GAZA - Terror gegen Terror




I
ch habe während des Gaza-Konflikts 2014 für das deutsche Fernsehen von beiden Seiten berichtet, aus Israel und Gaza. Meine Aufnahmen entstanden beim Einmarsch israelischer Truppen nach Gaza im Juli 2014 und während mehrerer Feuerpausen im August 2014 in Shejaiyah, einem vom israelischen Militär völlig zerstörten Teil von Gaza-Stadt, in Beit Hanoun im Norden des Gazastreifens und in Khuza’a, einem Außenbezirk von Khan Yunis, im Süden von Gaza, in dem heftige Gefechte zwischen Israelis und Palästinensern stattgefunden haben.


Der Beginn des erneuten Gaza-Kriegs im Oktober 2023 unterscheidet sich durch das Ausmaß der Angriffe der Hamas von Gaza aus auf Israel und ihre Brutalität gegenüber Zivilisten in Israel. In diesem Sinne erleben wir gerade eine bisher ungekannte Stufe der Eskalation.



Es ist erschütternd mitanzusehen, wie die Debatte über den Gaza-Krieg in Deutschland von den ideologischen Lagern geführt wird. Von verbissenen Kritikern der Besatzungspolitik Israels, die nicht einzugestehen in der Lage sind, dass hier Terror, Mord und unakzeptable Gewalt gegen Zivilisten seitens der palästinensischen Hamas stattfindet. Und andererseits von den Vertretern der israelischen Staatsraison, die sich jeden Hinweis auf die Wurzeln und Ursachen der Gewalt verbitten und jede kritische Position dem Staat Israel gegenüber als "Relativierung" hinstellen.


Viele Menschen, die zwar zu der Schuld Deutschlands gegenüber seinen jüdischen Bürgern und den europäischen Juden stehen, vergessen eine besondere Verantwortung Deutschlands auch gegenüber den Palästinensern, für die die Verbrechen Deutschlands an den Juden Europas, der Holocaust, ohne eigenes Zutun zum Verlust ihrer Heimat und zu ihrer Vertreibung führten.
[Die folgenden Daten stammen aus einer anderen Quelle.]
(* Let $P_0$ be a probability distribution on $\mathbb{R}^{d_0}$ with compact support $S$, let $\epsilon>0$, and let $\mathcal{P}(P_0,\epsilon)=\{P : W_\infty(P_0,P)\le \epsilon\}$. Let $g:\mathbb{R}^{d_0}\to\mathbb{R}^{d}$ ($d<d_0$) be continuous with a continuous map $g^{-1}:\mathbb{R}^d\to\mathbb{R}^{d_0}$, and let $\ell(\bm\theta,\cdot):\mathbb{R}^{d_0}\to[0,M]$ be a continuous loss satisfying the on-manifold assumption $\ell(\bm\theta,\bm x)=\ell(\bm\theta,g^{-1}(g(\bm x)))$ for all $\bm x\in\mathbb{R}^{d_0}$. Define $$\epsilon_z=\sup_{\bm x\in S}\ \sup_{\|\bm\delta_x\|_\infty\le\epsilon}\|g(\bm x)-g(\bm x+\bm\delta_x)\|_\infty .$$ Then $$\sup_{P\in\mathcal{P}(P_0,\epsilon)}\mathbb{E}_{\bm x'\sim P}[\ell(\bm\theta,\bm x')]\ \le\ \mathbb{E}_{\bm x\sim P_0}\Big[\sup_{\|\bm\delta_z\|_\infty\le\epsilon_z}\ell\big(\bm\theta,g^{-1}(g(\bm x)+\bm\delta_z)\big)\Big].$$
   Context: $W_\infty$ denotes the $\infty$-Wasserstein distance, $W_\infty(P,Q)=\inf_{\lambda\in\Lambda(P,Q)}\operatorname{ess\,sup}_{(x,y)\sim\lambda}\|x-y\|_\infty$, where $\Lambda(P,Q)$ is the set of couplings of $P$ and $Q$. The loss $\ell(\bm\theta,\bm x)=\mathbb{E}_{y\sim P_{y\mid\bm x}}[\mathcal{L}(\bm\theta,\bm x,y)]$ is the expected classification loss of a model with parameters $\bm\theta$ at input $\bm x$; $\bm\theta$ is fixed throughout. The map $g$ is a projection onto a lower-dimensional "primary feature" (latent) space and $g^{-1}$ a reconstruction map; the on-manifold assumption says reconstruction preserves the loss for all inputs, including those from distributions in $\mathcal{P}(P_0,\epsilon)$. *)

theory Defs
  imports "HOL-Probability.Probability"
begin

definition prob_distr :: "'a::euclidean_space measure \<Rightarrow> bool" where
  "prob_distr P \<longleftrightarrow> prob_space P \<and> sets P = sets (borel :: 'a measure)"

definition couplings :: "'a::euclidean_space measure \<Rightarrow> 'a measure \<Rightarrow> ('a \<times> 'a) measure set" where
  "couplings P Q = {L. prob_space L \<and> sets L = sets (borel :: ('a \<times> 'a) measure)
      \<and> distr L borel fst = P \<and> distr L borel snd = Q}"

definition W_inf :: "'a::euclidean_space measure \<Rightarrow> 'a measure \<Rightarrow> ereal" where
  "W_inf P Q = (INF L \<in> couplings P Q. esssup L (\<lambda>(x, y). ereal (infnorm (x - y))))"

definition W_ball :: "'a::euclidean_space measure \<Rightarrow> real \<Rightarrow> 'a measure set" where
  "W_ball P0 eps = {P. prob_distr P \<and> W_inf P0 P \<le> ereal eps}"

definition msupport :: "'a::euclidean_space measure \<Rightarrow> 'a set" where
  "msupport P = {x. \<forall>e>0. emeasure P (ball x e) > 0}"

end

theory Submission
  imports Defs
begin

text \<open>
  Take \<open>P\<close> in the ball. Since the infimum defining \<open>W_inf\<close> need not be attained, we only get, for
  every \<open>\<eta> > 0\<close>, a coupling \<open>L\<close> of \<open>P0\<close> and \<open>P\<close> under which almost surely \<open>x\<close> lies in the support \<open>S\<close> of \<open>P0\<close> and
  \<open>infnorm (y - x) < eps + \<eta>\<close>. Pulling \<open>y\<close> radially towards \<open>x\<close> to a point \<open>y'\<close> with
  \<open>infnorm (y' - x) \<le> eps\<close> changes \<open>l\<close> by less than \<open>\<delta>\<close> (uniform continuity on a compact
  neighbourhood of \<open>S\<close>). By the on-manifold assumption \<open>l y' = l (ginv (g x + (g y' - g x)))\<close>, and
  \<open>infnorm (g y' - g x) \<le> eps_z\<close>, so \<open>l y' \<le> h x\<close> for the robust loss \<open>h\<close> integrated on the right-hand side. Integrating
  \<open>l y \<le> h x + \<delta>\<close> against \<open>L\<close> and letting \<open>\<delta> \<rightarrow> 0\<close> gives \<open>\<integral> l dP \<le> \<integral> h dP0\<close>.
\<close>

lemma Compl_msupport_eq_Union_null_balls:
  fixes P :: "'a::euclidean_space measure"
  assumes "sets P = sets borel"
  shows "- msupport P = \<Union>{ball z e | z e. 0 < e \<and> emeasure P (ball z e) = 0}"
proof (intro equalityI subsetI)
  fix z assume "z \<in> - msupport P"
  then obtain e where "0 < e" "emeasure P (ball z e) = 0"
    unfolding msupport_def by (auto simp: not_gr_zero)
  then show "z \<in> \<Union>{ball z e | z e. 0 < e \<and> emeasure P (ball z e) = 0}"
    by (intro UnionI[of "ball z e"]) auto
next
  fix w assume "w \<in> \<Union>{ball z e | z e. 0 < e \<and> emeasure P (ball z e) = 0}"
  then obtain z e where w: "w \<in> ball z e" and null: "emeasure P (ball z e) = 0"
    by auto
  define r where "r = e - dist z w"
  have "0 < r" using w unfolding r_def by simp
  have "ball w r \<subseteq> ball z e"
    unfolding r_def by (simp add: ball_subset_ball_iff dist_commute)
  then have "emeasure P (ball w r) = 0"
    using null emeasure_mono[of "ball w r" "ball z e" P] assms by simp
  with \<open>0 < r\<close> show "w \<in> - msupport P"
    unfolding msupport_def by auto
qed

lemma AE_in_msupport:
  fixes P :: "'a::euclidean_space measure"
  assumes "sets P = sets borel"
  shows "AE x in P. x \<in> msupport P"
proof -
  define F where "F = {ball z e | z e. 0 < e \<and> emeasure P (ball z e) = 0}"
  have "\<And>B. B \<in> F \<Longrightarrow> open B"
    unfolding F_def by auto
  then obtain F' where F': "F' \<subseteq> F" "countable F'" "\<Union>F' = \<Union>F"
    by (rule Lindelof)
  have "\<And>B. B \<in> F \<Longrightarrow> B \<in> null_sets P"
    unfolding F_def using assms by (auto intro: null_setsI)
  then have "(\<Union>B\<in>F'. B) \<in> null_sets P"
    using F' by (intro null_sets_UN') auto
  moreover have "(\<Union>B\<in>F'. B) = - msupport P"
    using Compl_msupport_eq_Union_null_balls[OF assms] F'(3) by (simp add: F_def)
  ultimately show ?thesis
    by (intro AE_I'[of "- msupport P"]) auto
qed

lemma msupport_nonempty:
  fixes P :: "'a::euclidean_space measure"
  assumes "prob_distr P"
  shows "msupport P \<noteq> {}"
proof
  assume "msupport P = {}"
  with AE_in_msupport[of P] assms have "AE x in P. False"
    by (simp add: prob_distr_def)
  with assms show False
    unfolding prob_distr_def by (simp add: prob_space.AE_False)
qed

lemma
  shows borel_measurable_fst: "fst \<in> borel_measurable (borel :: ('a::topological_space \<times> 'b::topological_space) measure)"
    and borel_measurable_snd: "snd \<in> borel_measurable (borel :: ('a \<times> 'b) measure)"
  by (intro borel_measurable_continuous_onI continuous_intros)+

lemma borel_measurable_infnorm_diff:
  "(\<lambda>(x, y). ereal (infnorm (x - y))) \<in> borel_measurable (borel :: ('a::euclidean_space \<times> 'a) measure)"
  unfolding case_prod_beta' by (intro borel_measurable_continuous_onI continuous_intros)

lemma self_in_W_ball:
  fixes P :: "'a::euclidean_space measure"
  assumes "prob_distr P" "0 \<le> eps"
  shows "P \<in> W_ball P eps"
proof -
  have sets_P: "sets P = sets borel" and "prob_space P"
    using assms(1) unfolding prob_distr_def by auto
  define diag where "diag = (\<lambda>x::'a. (x, x))"
  have diag_meas: "diag \<in> measurable P borel"
    unfolding diag_def measurable_cong_sets[OF sets_P refl] by simp
  define L where "L = distr P borel diag"
  have "distr L borel fst = distr P borel (fst \<circ> diag)"
    "distr L borel snd = distr P borel (snd \<circ> diag)"
    unfolding L_def
    by (simp_all add: distr_distr[OF borel_measurable_fst diag_meas]
        distr_distr[OF borel_measurable_snd diag_meas])
  then have "distr L borel fst = P" "distr L borel snd = P"
    using sets_P by (simp_all add: comp_def diag_def distr_id2)
  with \<open>prob_space P\<close> diag_meas have "L \<in> couplings P P"
    unfolding couplings_def L_def by (simp add: prob_space.prob_space_distr)
  moreover have "esssup L (\<lambda>(x, y). ereal (infnorm (x - y))) \<le> 0"
  proof (rule esssup_I)
    show "(\<lambda>(x, y). ereal (infnorm (x - y))) \<in> borel_measurable L"
      unfolding L_def by (simp add: borel_measurable_infnorm_diff)
    show "AE p in L. (case p of (x, y) \<Rightarrow> ereal (infnorm (x - y))) \<le> 0"
      unfolding L_def
    proof (subst AE_distr_iff[OF diag_meas])
      show "{p \<in> space borel. (case p of (x, y) \<Rightarrow> ereal (infnorm (x - y))) \<le> 0} \<in> sets borel"
        using borel_measurable_infnorm_diff by measurable
    qed (simp add: diag_def infnorm_0)
  qed
  ultimately have "W_inf P P \<le> 0"
    unfolding W_inf_def by (meson INF_lower2)
  with assms show ?thesis
    unfolding W_ball_def by (auto intro: order_trans)
qed

lemma W_inf_le_couplingE:
  fixes P Q :: "'a::euclidean_space measure"
  assumes "W_inf P Q \<le> ereal eps" "0 < \<eta>"
  obtains L where "L \<in> couplings P Q" "AE p in L. infnorm (fst p - snd p) < eps + \<eta>"
proof -
  have "W_inf P Q < ereal (eps + \<eta>)"
    using assms by (simp add: le_less_trans)
  then obtain L where L: "L \<in> couplings P Q"
    and less: "esssup L (\<lambda>(x, y). ereal (infnorm (x - y))) < ereal (eps + \<eta>)"
    unfolding W_inf_def INF_less_iff by auto
  have "AE p in L. infnorm (fst p - snd p) < eps + \<eta>"
    using esssup_AE[of "\<lambda>(x, y). ereal (infnorm (x - y))" L]
  proof eventually_elim
    case (elim p)
    then have "ereal (infnorm (fst p - snd p)) \<le> esssup L (\<lambda>(x, y). ereal (infnorm (x - y)))"
      by (simp add: case_prod_beta)
    from le_less_trans[OF this less] show ?case
      by simp
  qed
  with L show ?thesis
    by (rule that)
qed

lemma
  fixes L :: "('a::euclidean_space \<times> 'a) measure"
  assumes "L \<in> couplings P Q"
  shows coupling_fst_measurable: "fst \<in> measurable L borel"
    and coupling_snd_measurable: "snd \<in> measurable L borel"
  using assms borel_measurable_fst borel_measurable_snd unfolding couplings_def
  by (auto simp: measurable_cong_sets[of L borel])

lemma AE_coupling_fst:
  assumes "L \<in> couplings P Q" "{x. A x} \<in> sets borel" "AE x in P. A x"
  shows "AE p in L. A (fst p)"
proof -
  have "distr L borel fst = P"
    using assms(1) unfolding couplings_def by blast
  with assms(3) have "AE x in distr L borel fst. A x"
    by metis
  with assms(2) show ?thesis
    by (simp add: AE_distr_iff[OF coupling_fst_measurable[OF assms(1)]])
qed

lemma integral_mono_coupling:
  fixes f h :: "'a::euclidean_space \<Rightarrow> real"
  assumes L: "L \<in> couplings P Q"
    and int_h: "integrable P h" and int_f: "integrable Q f"
    and le: "AE p in L. f (snd p) \<le> h (fst p)"
  shows "integral\<^sup>L Q f \<le> integral\<^sup>L P h"
proof -
  have P: "distr L borel fst = P" and Q: "distr L borel snd = Q"
    using L unfolding couplings_def by auto
  note fst = coupling_fst_measurable[OF L] and snd = coupling_snd_measurable[OF L]
  have "sets P = sets borel" "sets Q = sets borel"
    by (simp_all flip: P Q)
  then have h: "h \<in> borel_measurable borel" and f: "f \<in> borel_measurable borel"
    using borel_measurable_integrable[OF int_h] borel_measurable_integrable[OF int_f]
    by (simp_all cong: measurable_cong_sets)
  have "integrable L (\<lambda>p. h (fst p))" "integrable L (\<lambda>p. f (snd p))"
    using int_h int_f
    by (simp_all flip: P Q add: integrable_distr_eq[OF fst h] integrable_distr_eq[OF snd f])
  then have "(\<integral>p. f (snd p) \<partial>L) \<le> (\<integral>p. h (fst p) \<partial>L)"
    using le by (intro integral_mono_AE)
  then show ?thesis
    by (simp flip: P Q add: integral_distr[OF fst h] integral_distr[OF snd f])
qed

lemma integrable_bounded_borel:
  fixes f :: "'a::euclidean_space \<Rightarrow> real"
  assumes "prob_distr P" "f \<in> borel_measurable borel" "bounded (range f)"
  shows "integrable P f"
proof -
  obtain B where "\<And>x. \<bar>f x\<bar> \<le> B"
    using assms(3) unfolding bounded_real by blast
  moreover have "sets P = sets borel" "finite_measure P"
    using assms(1) unfolding prob_distr_def by (auto intro: prob_space.finite_measure)
  ultimately show ?thesis
    using assms(2) by (intro finite_measure.integrable_const_bound[where M=P and B=B])
      (simp_all cong: measurable_cong_sets)
qed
Wir können deshalb unsere Verantwortung und unser Mitgefühl nicht einfach nur dem Staat Israel widmen, wie es zur deutschen Staatsraison erklärt wird. Unsere Verantwortung muss darüber hinausreichen und Frieden in Palästina einschließen.


Zwei
Texte, die 2014 in Israel unter dem Eindruck des Gaza-Kriegs entstanden sind, haben für mich auch heute noch Gültigkeit in ihren Aussagen über den "Nahost-Konflikt", der uns nun seit einem Dreivierteljahrhundert beschäftigt. "Gaza und der Palästinakonflikt", der eine und "Gaza inmitten von Parolen und Tränen" über die Schwierigkeiten, als Journalist mit diesem Konflikt und seinen Kriegen umzugehen, füge ich meinen Photographien bei.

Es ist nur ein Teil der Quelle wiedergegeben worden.